One of his roles is to help the secretary have the best information when people from department components press him to make particular decisions on issues. “You are the last line of defense in many ways,” said Ylber. “You have to make sure before the secretary signs that it’s as airtight as possible.”
For Ylli (pronounced ill-lee), special assistant to Deputy Secretary Robert Work, toiling at the “biggest department in U.S. government [means] the issues our principle deals with are enormous.”
Referring to Carter and Work as “two really thoughtful, highly charged intellectuals,” he added. “We make sure their visions are being completed.”
A graduate of Harvard’s Kennedy School of Government, Ylli has worked on policy issues related to Afghanistan and India, and did a rotation on an advisory group for the former chairman of the Joint Chiefs of Staff, Gen. Martin Dempsey, focusing on policy and security issues before landing his current position.
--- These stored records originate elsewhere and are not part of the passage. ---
lemma sum_comps_add_eq_sum_append:
  fixes F :: "nat list \<Rightarrow> 'a::comm_monoid_add"
  assumes "\<And>\<beta>. \<beta> \<in> comps (g + N) \<Longrightarrow> (\<And>xs ys. \<beta> = xs @ ys \<Longrightarrow> sum_list xs \<noteq> g) \<Longrightarrow> F \<beta> = 0"
  shows "(\<Sum>\<beta>\<in>comps (g + N). F \<beta>) = (\<Sum>(xs, ys)\<in>comps g \<times> comps N. F (xs @ ys))"
proof -
  let ?app = "\<lambda>(xs, ys). xs @ ys"
  have "(\<Sum>\<beta>\<in>comps (g + N). F \<beta>) = (\<Sum>\<beta>\<in>?app ` (comps g \<times> comps N). F \<beta>)"
  proof (rule sum.mono_neutral_right[OF finite_comps])
    show "?app ` (comps g \<times> comps N) \<subseteq> comps (g + N)"
      by (auto simp: comps_def)
    show "\<forall>\<beta>\<in>comps (g + N) - ?app ` (comps g \<times> comps N). F \<beta> = 0"
    proof
      fix \<beta> assume \<beta>: "\<beta> \<in> comps (g + N) - ?app ` (comps g \<times> comps N)"
      have "sum_list xs \<noteq> g" if "\<beta> = xs @ ys" for xs ys
      proof
        assume "sum_list xs = g"
        with \<beta> that have "(xs, ys) \<in> comps g \<times> comps N"
          by (auto simp: comps_def)
        with \<beta> that show False by auto
      qed
      with \<beta> assms show "F \<beta> = 0" by blast
    qed
  qed
  also have "\<dots> = (\<Sum>(xs, ys)\<in>comps g \<times> comps N. F (xs @ ys))"
  proof (rule sum.reindex_cong[where l = ?app])
    show "inj_on ?app (comps g \<times> comps N)"
    proof (rule inj_onI)
      fix p q assume "p \<in> comps g \<times> comps N" "q \<in> comps g \<times> comps N" "?app p = ?app q"
      then show "p = q"
        using comp_append_eq_append_imp[of "fst p" "snd p" "fst q" "snd q"]
        by (auto simp: comps_def split: prod.splits)
    qed
  qed auto
  finally show ?thesis .
qed

lemma hc_ms_eq_sum_Scoef:
  "is_comp \<gamma> \<Longrightarrow> hc_ms \<gamma> = (\<Sum>\<beta>\<in>comps (sum_list \<gamma>). mseries_of_rat (Scoef \<beta> \<gamma>) * pc_ms \<beta>)"
proof (induct \<gamma>)
  case Nil
  then show ?case by (simp add: comps_0 hc_ms_def pc_ms_def Scoef_self)
next
  case (Cons g gs)
  then have g: "0 < g" and gs: "is_comp gs" by simp_all
  define N where "N = sum_list gs"
  let ?even_first = "\<lambda>xs. if sorted (map odd xs) then mseries_of_rat (cblock xs) else 0"
  have "(\<Sum>\<beta>\<in>comps (g + N). mseries_of_rat (Scoef \<beta> (g # gs)) * pc_ms \<beta>) =
      (\<Sum>(xs, ys)\<in>comps g \<times> comps N. mseries_of_rat (Scoef (xs @ ys) (g # gs)) * pc_ms (xs @ ys))"
    by (rule sum_comps_add_eq_sum_append) (simp add: Scoef_Cons_eq_0 comps_def N_def)
  also have "\<dots> = (\<Sum>(xs, ys)\<in>comps g \<times> comps N.
      ?even_first xs * pc_ms xs * (mseries_of_rat (Scoef ys gs) * pc_ms ys))"
  proof (rule sum.cong[OF refl], clarify)
    fix xs ys assume xy: "xs \<in> comps g" "ys \<in> comps N"
    with g have "xs \<noteq> []" by (auto simp: comps_def)
    with xy gs have "Scoef (xs @ ys) (g # gs) = (if sorted (map odd xs) then cblock xs * Scoef ys gs else 0)"
      using Scoef_append_Cons[of xs ys gs] by (auto simp: comps_def N_def)
    then show "mseries_of_rat (Scoef (xs @ ys) (g # gs)) * pc_ms (xs @ ys) =
        ?even_first xs * pc_ms xs * (mseries_of_rat (Scoef ys gs) * pc_ms ys)"
      by (simp add: mseries_of_rat_mult pc_ms_append mult_ac)
  qed
  also have "\<dots> = (\<Sum>xs\<in>comps g. ?even_first xs * pc_ms xs) *
                  (\<Sum>ys\<in>comps N. mseries_of_rat (Scoef ys gs) * pc_ms ys)"
    by (simp add: sum_product sum.cartesian_product)
  also have "(\<Sum>xs\<in>comps g. ?even_first xs * pc_ms xs) = h_ms g"
    unfolding h_ms_eq_sum_parity_sorted sum.inter_filter[OF finite_comps] by (intro sum.cong) auto
  also have "(\<Sum>ys\<in>comps N. mseries_of_rat (Scoef ys gs) * pc_ms ys) = hc_ms gs"
    using Cons gs by (simp add: N_def)
  finally show ?case
    by (simp add: hc_ms_def N_def add.commute)
qed

lemma hc_eq_sum_Scoef:
  "is_comp \<gamma> \<Longrightarrow> hc \<gamma> m = (\<Sum>\<beta>\<in>comps (sum_list \<gamma>). Scoef \<beta> \<gamma> * pc \<beta> m)"
  using arg_cong[OF hc_ms_eq_sum_Scoef, of \<gamma> "\<lambda>x. Rep_mseries x m"]
  by (simp add: Rep_hc_ms Rep_mseries_sum Rep_mseries_of_rat_mult Rep_pc_ms)

section \<open>The dual basis\<close>

lemma unitriangular_system_homogeneous:
  fixes a :: "'i \<Rightarrow> 'i \<Rightarrow> 'a::comm_ring_1" and r :: "'i \<Rightarrow> nat"
  assumes "finite C"
    and diag: "\<And>i. i \<in> C \<Longrightarrow> a i i = 1"
    and triangular: "\<And>i j. i \<in> C \<Longrightarrow> j \<in> C \<Longrightarrow> i \<noteq> j \<Longrightarrow> r i \<le> r j \<Longrightarrow> a i j = 0"
    and supp: "{j. x j \<noteq> 0} \<subseteq> C"
    and sol: "\<And>i. i \<in> C \<Longrightarrow> (\<Sum>j\<in>C. x j * a i j) = 0"
  shows "x = (\<lambda>_. 0)"
proof (rule ccontr)
  assume "x \<noteq> (\<lambda>_. 0)"
  then obtain j where "x j \<noteq> 0" by auto
  then obtain i where i: "x i \<noteq> 0" and min: "\<And>j. x j \<noteq> 0 \<Longrightarrow> r i \<le> r j"
    using ex_has_least_nat[of "\<lambda>j. x j \<noteq> 0" j r] by blast
  with supp have "i \<in> C" by blast
  have "x j * a i j = 0" if "j \<in> C - {i}" for j
    using that min triangular[OF \<open>i \<in> C\<close>] by (cases "x j = 0") auto
  then have "(\<Sum>j\<in>C. x j * a i j) = x i"
    using \<open>finite C\<close> \<open>i \<in> C\<close> diag by (simp add: sum.remove)
  with sol[OF \<open>i \<in> C\<close>] i show False by simp
qed

lemma unitriangular_system_solvable:
  fixes a :: "'i \<Rightarrow> 'i \<Rightarrow> 'a::comm_ring_1" and r :: "'i \<Rightarrow> nat"
  assumes "finite C"
    and diag: "\<And>i. i \<in> C \<Longrightarrow> a i i = 1"
    and triangular: "\<And>i j. i \<in> C \<Longrightarrow> j \<in> C \<Longrightarrow> i \<noteq> j \<Longrightarrow> r i \<le> r j \<Longrightarrow> a i j = 0"
  shows "\<exists>x. {j. x j \<noteq> 0} \<subseteq> C \<and> (\<forall>i\<in>C. (\<Sum>j\<in>C. x j * a i j) = b i)"
  using assms
proof (induct C rule: finite_ranking_induct[where f = r])
  case empty
  then show ?case by auto
next
  case (insert k C)
  then obtain x where x: "{j. x j \<noteq> 0} \<subseteq> C" "\<forall>i\<in>C. (\<Sum>j\<in>C. x j * a i j) = b i"
    by auto
  show ?case
  proof (cases "k \<in> C")
    case True
    then have "insert k C = C" by blast
    with x show ?thesis by auto
  next
    case False
    define x' where "x' = x(k := b k - (\<Sum>j\<in>C. x j * a k j))"
    have C: "(\<Sum>j\<in>C. x' j * a i j) = (\<Sum>j\<in>C. x j * a i j)" for i
      using False by (auto simp: x'_def intro: sum.cong)
    have "(\<Sum>j\<in>insert k C. x' j * a i j) = b i" if "i \<in> insert k C" for i
    proof (cases "i = k")
      case True
      with insert.prems False C show ?thesis
        using insert.hyps(1) by (simp add: x'_def)
    next
      case ne: False
      with that have "a i k = 0"
        using insert.hyps(2) insert.prems by blast
      with that ne show ?thesis
        using insert.hyps(1) False C x(2) by simp
    qed
    moreover have "{j. x' j \<noteq> 0} \<subseteq> insert k C"
      using x(1) by (auto simp: x'_def)
    ultimately show ?thesis by blast
  qed
qed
Now he covers international security and policy-related issues, traveling everywhere with the deputy secretary.
“It’s a fascinating job,” Ylli said. “Everything that touches our desk has some kind of crisis angle related to it.”
Eric Rosenbach, Carter’s chief of staff, said, “They are two of the most dedicated people I know. They are defending U.S. interests and doing it in a way that brings a much more enlightened perspective about America’s role in the world.”
The Bajraktaris, who grew up speaking Serbian and Albanian, feel indebted to the United States and to the people who helped them along the way.
Ylber was able to come to the U.S. in 1999, deemed a victim of ethnic cleansing. Ylli returned to Kosovo after the war to help their displaced family settle back home. Three years later, he moved to the U.S. with his Kosovo-American wife.
Both express gratitude to U.S. military personnel who “played a critical role in saving Kosovo,” many of whom they now see in the Pentagon’s hallways, Ylli said. One, a colonel who was shot down during the NATO operations against Serbia, became the Air Force’s chief of staff on July 1.
“No day passes when we don’t meet someone who served in Kosovo or has been part of the NATO’s mission against Serbia,” Ylli said.
“The commitment we have toward this country, it’s kind of an obligation more. We feel privileged and honored to work here.”